FAYETTEVILLE, Ark. – What is in the soil on Mars?

When the Phoenix spacecraft landed on Mars in 2008 and began transmitting data about the planet’s surface back to Earth, scientists confirmed the presence of different ions in Mars’ soil, such as magnesium, sodium, potassium, sulfate, chloride — and a most unexpected one: perchlorate.

Although ions in the soil at the Phoenix landing site are well known, this is not the case for the composition of the parent salts in Mars’ regolith – a layer of unconsolidated rocky material covering bedrock. Amira Elsenousy, a doctoral candidate in the Arkansas Center for Space and Planetary Sciences at the University of Arkansas, is completing her dissertation on the composition and nature of salts in the soil at the Mars Phoenix site.

Elsenousy, whose research expertise is the chemistry of planetary bodies, is trying to understand the regolith-atmosphere interactions on Mars’ surface.

“I am investigating the stability of water on the surface of Mars and estimating the probable salts that might be present at Mars’ northern polar region through modeling the salt composition using geochemical modeling programs,” Elsenousy said.

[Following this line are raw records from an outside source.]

lemma even_card_if_sum_signs_eq_0:
  assumes "finite S" "\<And>x. x \<in> S \<Longrightarrow> f x = 1 \<or> f x = -1" "(\<Sum>x\<in>S. f x) = (0::int)"
  shows "even (card S)"
proof -
  have "even (\<Sum>x\<in>S. f x + 1)" using assms(2) by (intro dvd_sum) fastforce
  then have "even (int (card S))" using assms(3) by (simp add: sum.distrib)
  then show ?thesis by simp
qed

lemma flat_orthogonal_card_even_square:
  fixes U :: "'a \<Rightarrow> 'a \<Rightarrow> real"
  assumes S: "finite S" and two: "card S \<ge> 2"
    and flat: "\<And>x y. x \<in> S \<Longrightarrow> y \<in> S \<Longrightarrow> \<bar>U x y\<bar> = c"
    and orth: "\<And>a b. a \<in> S \<Longrightarrow> b \<in> S \<Longrightarrow> (\<Sum>x\<in>S. U a x * U b x) = (if a = b then 1 else 0)"
    and row: "\<And>a. a \<in> S \<Longrightarrow> (\<Sum>x\<in>S. U a x) = 1"
  shows "even (card S) \<and> (\<exists>m::nat. card S = m ^ 2)"
proof -
  obtain a b where ab: "a \<in> S" "b \<in> S" "a \<noteq> b"
    using two card_le_Suc0_iff_eq[OF S] by fastforce
  define sg where "sg x y = (if U x y \<ge> 0 then 1 else (-1::int))" for x y
  have U_sg: "U x y = c * sg x y" if "x \<in> S" "y \<in> S" for x y
    using flat[OF that] by (auto simp: sg_def)
  have "U a x * U a x = c^2" if "x \<in> S" for x
    using abs_mult_self_eq[of "U a x"] flat[OF ab(1) that] by (simp add: power2_eq_square)
  then have norm_row: "real (card S) * c^2 = 1" using orth[OF ab(1) ab(1)] by simp
  define z where "z = (\<Sum>x\<in>S. sg a x)"
  have "c * z = 1" using row[OF ab(1)] U_sg ab(1) by (simp add: z_def sum_distrib_left)
  then have "real (card S) = (c * z)^2 * real (card S)" by simp
  also have "\<dots> = of_int (z^2)" using norm_row by (simp add: power_mult_distrib mult_ac)
  finally have "int (card S) = z^2" by linarith
  then have square: "card S = (nat \<bar>z\<bar>)^2" by (simp add: nat_power_eq[symmetric])
  have "c^2 * of_int (\<Sum>x\<in>S. sg a x * sg b x) = (\<Sum>x\<in>S. U a x * U b x)"
    using U_sg ab by (simp add: sum_distrib_left power2_eq_square mult_ac)
  also have "\<dots> = 0" using orth ab by simp
  finally have "real_of_int (\<Sum>x\<in>S. sg a x * sg b x) = 0" using norm_row by auto
  then have "(\<Sum>x\<in>S. sg a x * sg b x) = 0" by (simp only: of_int_eq_0_iff)
  then have "even (card S)"
    by (rule even_card_if_sum_signs_eq_0[OF S, rotated]) (simp add: sg_def)
  with square show ?thesis by blast
qed

lemma perm_mat_row_sum:
  assumes "group G" "finite (carrier G)" "g \<in> carrier G" "a \<in> carrier G"
  shows "(\<Sum>b\<in>carrier G. perm_mat G g a b) = 1"
proof -
  interpret group G by fact
  have "(\<Sum>b\<in>carrier G. perm_mat G g a b) = (\<Sum>b\<in>carrier G. if b = g \<otimes>\<^bsub>G\<^esub> a then 1 else 0)"
    unfolding perm_mat_def using inv_solve_right'[OF assms(3) _ assms(4)]
    by (intro sum.cong) auto
  then show ?thesis using assms by simp
qed

lemma perm_mat_column_sum:
  assumes "group G" "finite (carrier G)" "g \<in> carrier G" "a \<in> carrier G"
  shows "(\<Sum>b\<in>carrier G. perm_mat G g b a) = 1"
proof -
  interpret group G by fact
  have "(\<Sum>b\<in>carrier G. perm_mat G g b a) = (\<Sum>b\<in>carrier G. if b = inv\<^bsub>G\<^esub> g \<otimes>\<^bsub>G\<^esub> a then 1 else 0)"
    unfolding perm_mat_def
    using inv_solve_right'[OF assms(3,4)] inv_solve_left[OF _ assms(3,4)]
    by (intro sum.cong) auto
  then show ?thesis using assms by simp
qed

lemma skew_adj_row_sum:
  assumes "group G" "finite (carrier G)" "C \<subseteq> carrier G" "a \<in> carrier G"
  shows "(\<Sum>b\<in>carrier G. skew_adj G C a b) = 0"
proof -
  have "(\<Sum>b\<in>carrier G. skew_adj G C a b)
      = (\<Sum>g\<in>C. \<Sum>b\<in>carrier G. perm_mat G g a b) - (\<Sum>g\<in>C. \<Sum>b\<in>carrier G. perm_mat G g b a)"
    unfolding skew_adj_def conn_mat_def sum_subtractf by (simp add: sum.swap[of _ C])
  also have "\<dots> = 0"
    using perm_mat_row_sum[OF assms(1,2) _ assms(4)] perm_mat_column_sum[OF assms(1,2) _ assms(4)]
      assms(3) by (simp add: subset_iff)
  finally show ?thesis .
qed

lemma conn_mat_abs_le:
  assumes "finite C"
  shows "\<bar>conn_mat G C a b\<bar> \<le> real (card C)"
proof -
  have "0 \<le> conn_mat G C a b" unfolding conn_mat_def perm_mat_def by (intro sum_nonneg) auto
  moreover have "conn_mat G C a b \<le> (\<Sum>g\<in>C. 1)" unfolding conn_mat_def perm_mat_def
    by (intro sum_mono) auto
  ultimately show ?thesis by simp
qed

lemma skew_adj_abs_le: "finite C \<Longrightarrow> \<bar>skew_adj G C a b\<bar> \<le> 2 * real (card C)"
  unfolding skew_adj_def using conn_mat_abs_le[of C G a b] conn_mat_abs_le[of C G b a] by linarith
definition EW :: "nat \<Rightarrow> (nat \<Rightarrow> real) \<Rightarrow> (nat \<Rightarrow> nat) \<Rightarrow> (real \<Rightarrow> real \<Rightarrow> real) \<Rightarrow> real \<Rightarrow> real" where
  "EW n p d F l = (\<Sum>j<n. p j * EWi F d j l)"

definition ERi :: "(real \<Rightarrow> real \<Rightarrow> real) \<Rightarrow> (nat \<Rightarrow> nat) \<Rightarrow> nat \<Rightarrow> real \<Rightarrow> real" where
  "ERi F d i l = 1 + EWi F d i l"

definition ER :: "nat \<Rightarrow> (nat \<Rightarrow> real) \<Rightarrow> (nat \<Rightarrow> nat) \<Rightarrow> (real \<Rightarrow> real \<Rightarrow> real) \<Rightarrow> real \<Rightarrow> real" where
  "ER n p d F l = 1 + EW n p d F l"

end

theory Submission
  imports Defs "HOL-Real_Asymp.Real_Asymp"
begin

text \<open>
  Write \<open>\<Sum>\<^sub>j p\<^sub>j x ^ d\<^sub>j = x \<phi>(x)\<close>. The tail \<open>F\<close> then solves \<open>F' = - F (1 - \<lambda> \<phi>(F))\<close>,
  so it stays in \<open>(0,1)\<close> and decays exponentially, and the substitution \<open>t = F(w)\<close> turns
  \<open>E[W\<^sub>i]\<close> into \<open>\<integral>\<^sub>0\<^sup>\<lambda> t ^ (d\<^sub>i - 1) / (1 - \<lambda> \<phi>(t)) dt\<close>. Now
  \<open>1 - \<lambda> \<phi>(t) = (1 - \<lambda>) + \<lambda> (1 - \<phi>(t))\<close>, and near \<open>t = 1\<close> the term \<open>1 - \<phi>(t)\<close> is squeezed
  between multiples of \<open>1 - t\<close> with slopes tending to \<open>\<phi>'(1) = m - 1\<close>, \<open>m = \<Sum>\<^sub>j p\<^sub>j d\<^sub>j\<close>.
  Comparing with \<open>\<integral> dt / ((1 - \<lambda>) + (m - 1)(1 - t))\<close> shows that the integral is
  \<open>- ln (1 - \<lambda>) / (m - 1)\<close> up to a factor tending to 1 and a bounded error. Averaging over
  \<open>i\<close> and adding 1 leave the leading term unchanged.
\<close>

lemma one_minus_power_le:
  fixes t :: real
  assumes "0 \<le> t" "t \<le> 1"
  shows "1 - t ^ e \<le> real e * (1 - t)"
proof -
  have "1 + real e * (t - 1) \<le> (1 + (t - 1)) ^ e"
    by (rule Bernoulli_inequality) (use assms in auto)
  then show ?thesis by (simp add: algebra_simps)
qed

lemma one_minus_power_ge:
  fixes s t :: real
  assumes "0 \<le> s" "s \<le> t" "t \<le> 1"
  shows "real e * s ^ e * (1 - t) \<le> 1 - t ^ e"
proof (induction e)
  case 0
  then show ?case by simp
next
  case (Suc e)
  have "real (Suc e) * s ^ Suc e * (1 - t) = real e * s ^ Suc e * (1 - t) + s ^ Suc e * (1 - t)"
    by (simp add: algebra_simps)
  also have "\<dots> \<le> real e * s ^ e * (1 - t) + t ^ e * (1 - t)"
    using assms power_decreasing[of e "Suc e" s] power_mono[of s t e]
    by (intro add_mono mult_right_mono mult_left_mono) auto
  also have "\<dots> \<le> 1 - t ^ Suc e"
    using Suc by (simp add: algebra_simps)
  finally show ?case .
qed

lemma has_integral_inverse_affine:
  fixes A C s l :: real
  assumes "0 < A" "0 < C" "s \<le> l" "l \<le> 1"
  shows "((\<lambda>t. 1 / (A + C * (1 - t))) has_integral
           (ln (A + C * (1 - s)) - ln (A + C * (1 - l))) / C) {s..l}"
proof -
  let ?G = "\<lambda>t. - ln (A + C * (1 - t)) / C"
  have "((\<lambda>t. 1 / (A + C * (1 - t))) has_integral (?G l - ?G s)) {s..l}"
  proof (rule fundamental_theorem_of_calculus[OF assms(3)])
    fix x assume x: "x \<in> {s..l}"
    have pos: "A + C * (1 - x) > 0"
      using x assms by (simp add: add_pos_nonneg)
    have "(?G has_real_derivative (1 / (A + C * (1 - x)))) (at x)"
      using pos assms(2) by (auto intro!: derivative_eq_intros simp: divide_simps)
    then show "(?G has_vector_derivative (1 / (A + C * (1 - x)))) (at x within {s..l})"
      by (simp add: has_real_derivative_iff_has_vector_derivative has_vector_derivative_at_within)
  qed
  then show ?thesis by (simp add: diff_divide_distrib)
qed

lemma ode_exp_sandwich:
  fixes f g :: "real \<Rightarrow> real" and c C W :: real
  assumes der: "\<And>w. 0 < w \<Longrightarrow> (f has_real_derivative - (f w * g (f w))) (at w)"
    and cont: "continuous_on {0..} f"
    and g_bounds: "\<And>x. 0 < x \<Longrightarrow> x < 1 \<Longrightarrow> c \<le> g x \<and> g x \<le> C"
    and W: "0 \<le> W"
    and inside: "\<And>v. 0 \<le> v \<Longrightarrow> v < W \<Longrightarrow> 0 < f v \<and> f v < 1"
  shows "f 0 * exp (- C * W) \<le> f W \<and> f W \<le> f 0 * exp (- c * W)"
proof -
  have weighted_der: "((\<lambda>v. f v * exp (a * v)) has_real_derivative
      f x * exp (a * x) * (a - g (f x))) (at x)" if "0 < x" for a x
    using der[OF that] by (auto intro!: derivative_eq_intros simp: algebra_simps)
  have cont_W: "continuous_on {0..W} (\<lambda>v. f v * exp (a * v))" for a
    using cont by (auto intro!: continuous_intros intro: continuous_on_subset)
  have "f 0 \<le> f W * exp (C * W)"
  proof -
    have "f 0 * exp (C * 0) \<le> f W * exp (C * W)"
    proof (rule DERIV_nonneg_imp_increasing_open[OF W _ cont_W])
      fix x assume x: "0 < x" "x < W"
      then have "0 < f x" "f x < 1" using inside by auto
      then have "0 \<le> f x * exp (C * x) * (C - g (f x))"
        using g_bounds by simp
      then show "\<exists>y. ((\<lambda>v. f v * exp (C * v)) has_real_derivative y) (at x) \<and> 0 \<le> y"
        using weighted_der x by blast
    qed
    then show ?thesis by simp
  qed
  moreover have "f W * exp (c * W) \<le> f 0"
  proof -
    have "f W * exp (c * W) \<le> f 0 * exp (c * 0)"
    proof (rule DERIV_nonpos_imp_decreasing_open[OF W _ cont_W])
      fix x assume x: "0 < x" "x < W"
      then have "0 < f x" "f x < 1" using inside by auto
      then have "f x * exp (c * x) * (c - g (f x)) \<le> 0"
        using g_bounds by (simp add: mult_nonneg_nonpos)
      then show "\<exists>y. ((\<lambda>v. f v * exp (c * v)) has_real_derivative y) (at x) \<and> y \<le> 0"
        using weighted_der x by blast
    qed
    then show ?thesis by simp
  qed
  ultimately show ?thesis
    by (simp add: exp_minus field_simps)
qed

lemma ode_solution_in_unit_interval:
  fixes f g :: "real \<Rightarrow> real" and c C w :: real
  assumes der: "\<And>w. 0 < w \<Longrightarrow> (f has_real_derivative - (f w * g (f w))) (at w)"
    and cont: "continuous_on {0..} f"
    and g_bounds: "\<And>x. 0 < x \<Longrightarrow> x < 1 \<Longrightarrow> c \<le> g x \<and> g x \<le> C"
    and c: "0 \<le> c"
    and f0: "0 < f 0" "f 0 < 1"
    and w: "0 \<le> w"
  shows "0 < f w \<and> f w < 1"
proof (rule ccontr)
  assume not_inside: "\<not> (0 < f w \<and> f w < 1)"
  define T where "T = {0..} \<inter> f -` ({..0} \<union> {1..})"
  have "closed T"
    unfolding T_def by (intro continuous_closed_preimage cont) auto
  moreover have "w \<in> T"
    using w not_inside unfolding T_def by auto
  moreover have bdd: "bdd_below T"
    unfolding T_def by (rule bdd_belowI[of _ 0]) auto
  ultimately have first_exit: "Inf T \<in> T"
    \<comment> \<open>the first time \<open>f\<close> leaves \<open>(0,1)\<close>; up to then the exponential sandwich keeps it inside\<close>
    by (intro closed_contains_Inf) auto
  then have "0 \<le> Inf T"
    unfolding T_def by auto
  moreover have "0 < f v \<and> f v < 1" if "0 \<le> v" "v < Inf T" for v
    using that cInf_lower[OF _ bdd, of v] unfolding T_def by force
  ultimately have "f 0 * exp (- C * Inf T) \<le> f (Inf T) \<and> f (Inf T) \<le> f 0 * exp (- c * Inf T)"
    by (intro ode_exp_sandwich[OF der cont g_bounds]) auto
  moreover have "0 < f 0 * exp (- C * Inf T)"
    using f0 by simp
  moreover have "f 0 * exp (- c * Inf T) \<le> f 0"
    using f0 c \<open>0 \<le> Inf T\<close> by (simp add: mult_nonneg_nonneg)
  ultimately have "0 < f (Inf T) \<and> f (Inf T) < 1"
    using f0 by linarith
  then show False
    using first_exit unfolding T_def by auto
qed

Perchlorate salts are known to absorb water vapor from the atmosphere and form a liquid solution at low temperatures, as in the case on Mars. This discovery means that liquid water may be forming on the surface or even at the shallow subsurface of Mars. 

“There are intermediate oxidation species between chloride and perchlorate, which are known to exist on Mars as hypochlorite and chlorite,” she said. “They may form stable salts on the surface of Mars. They could also react with organic materials and might be responsible for the nonexistence of organics on Mars’ surface.”

Elsenousy presented her findings, with her faculty mentor Vincent Chevrier, a research professor in the Arkansas Center for Space and Planetary Sciences, last year at the Present-Day Habitability of Mars Conference at the University of California at Los Angeles. She also presented her research in July at the Eighth International Conference on Mars at Pasadena, California, and in March at the 45th Lunar and Planetary Science Conference at The Woodlands, Texas.

Elsenousy returned to the U of A this semester after a summer-long internship at NASA’s prestigious Jet Propulsion Laboratory in Pasadena, where she studied the interface layer between the ice shell and the subsurface ocean on Europa, one of Jupiter’s moons.

“Europa is known to host a subsurface ocean and is perhaps the most promising candidate for extant life among the Galilean satellites.” Elsenousy said. “It was a neat opportunity to study something new and apply my understanding of Mars’ chemistry to a different planetary body.”

Melting of small parts of the top ice layer forms a thin layer of fresh water at the ice-water interface. Studying this layer of fresh water will give direct information about the chemistry and geology of Europa. 

“The existence of liquid water on a planetary body gives clues for possible habitable environments that might sustain life and this will improve our understanding for habitability of icy worlds,” Elsenousy said. “My research of this area will support the future mission to Europa, called the Europa Clipper.”

An international student from Egypt, Elsenousy earned a bachelor’s degree in biological-chemistry from Cairo University. She entered the doctoral program in space and planetary sciences at the U of A in 2010.